The US Is The Only G-7 Nation To See Trust In Government Plummet
The US Is The Only G-7 Nation To See Trust In Government Plummet

How much do you trust the government, and its various institutions?

It’s likely that your level of confidence probably depends on a wide range of factors, such as perceived competency, historical context, economic performance, accountability, social cohesion, and transparency.

And for these same reasons, trust levels in government institutions also change all the time, even in the world’s most developed countries: the G7.

Confidence in Government by G7 Countries (2006-2023)

This chart, via Visual Capitaist’s Nick Routley, looks at the changes in trust in government institutions between the years 2006 and 2023, based on data from a multi-country Gallup poll.

The US Is The Only G-7 Nation To See Trust In Government Plummet

Specifically, this dataset aggregates confidence in multiple national institutions, including the military, the judicial system, the national government, and the integrity of the electoral system.

What’s interesting here is that in the G7, a group of the world’s most developed economies, there is only one country bucking the general trend: the United States.

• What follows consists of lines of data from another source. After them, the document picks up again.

lemma linv_add_left:
  assumes nd: "nondeg n L" and x: "x \<in> vecs n" and x': "x' \<in> vecs n"
  shows "linv n L (\<lambda>i. x i + x' i) y = linv n L x y + linv n L x' y"
proof -
  obtain r v where w: "r \<noteq> 0" "v \<in> vecs n" "(\<lambda>i. r * x i) = adj n L v"
    and lx: "\<And>y. linv n L x y = of_int (dot n y v) / of_int r"
    using linv_witness[OF nd x] by metis
  obtain r' v' where w': "r' \<noteq> 0" "v' \<in> vecs n" "(\<lambda>i. r' * x' i) = adj n L v'"
    and lx': "\<And>y. linv n L x' y = of_int (dot n y v') / of_int r'"
    using linv_witness[OF nd x'] by metis
  have "(\<lambda>i. (r * r') * (x i + x' i)) = (\<lambda>i. r' * (r * x i) + r * (r' * x' i))"
    by (simp add: algebra_simps)
  also have "\<dots> = adj n L (\<lambda>i. r' * v i + r * v' i)"
    unfolding adj_add adj_smult w(3)[symmetric] w'(3)[symmetric] ..
  finally have rx: "(\<lambda>i. (r * r') * (x i + x' i)) = adj n L (\<lambda>i. r' * v i + r * v' i)" .
  have "linv n L (\<lambda>i. x i + x' i) y
      = of_int (dot n y (\<lambda>i. r' * v i + r * v' i)) / of_int (r * r')"
    by (rule linv_eq[OF nd _ _ rx]) (use w w' in simp_all)
  then show ?thesis
    using w(1) w'(1) by (simp add: lx lx' dot_add_right dot_smult_right field_simps)
qed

Across most G7 countries, confidence in institutions has either improved or stayed the same between 2006 and 2023. The largest percentage point (p.p.) increases occur in Italy and Japan, which saw +13 p.p. and +11 p.p. increases in trust over the time period.

In the U.S., however, confidence in government institutions has fallen by 13 p.p. over the years. What happened?

Key Figures on U.S. Trust in Institutions

In 2006, the U.S. was tied with the UK as having the highest confidence in government institutions, at 63%.

But here’s where the scores stand in 2023, across various institutions:

Based on this data, it’s clear that the U.S. lags behind in three key indicators: confidence in the national government, confidence in the justice system, and confidence in fair elections. It ranked in last place for each indicator in the G7.

One other data point that stands out: despite leading the world in military spending, the U.S. is only the third most confident in its military in the G7. It lags behind France (86%) and the United Kingdom (83%).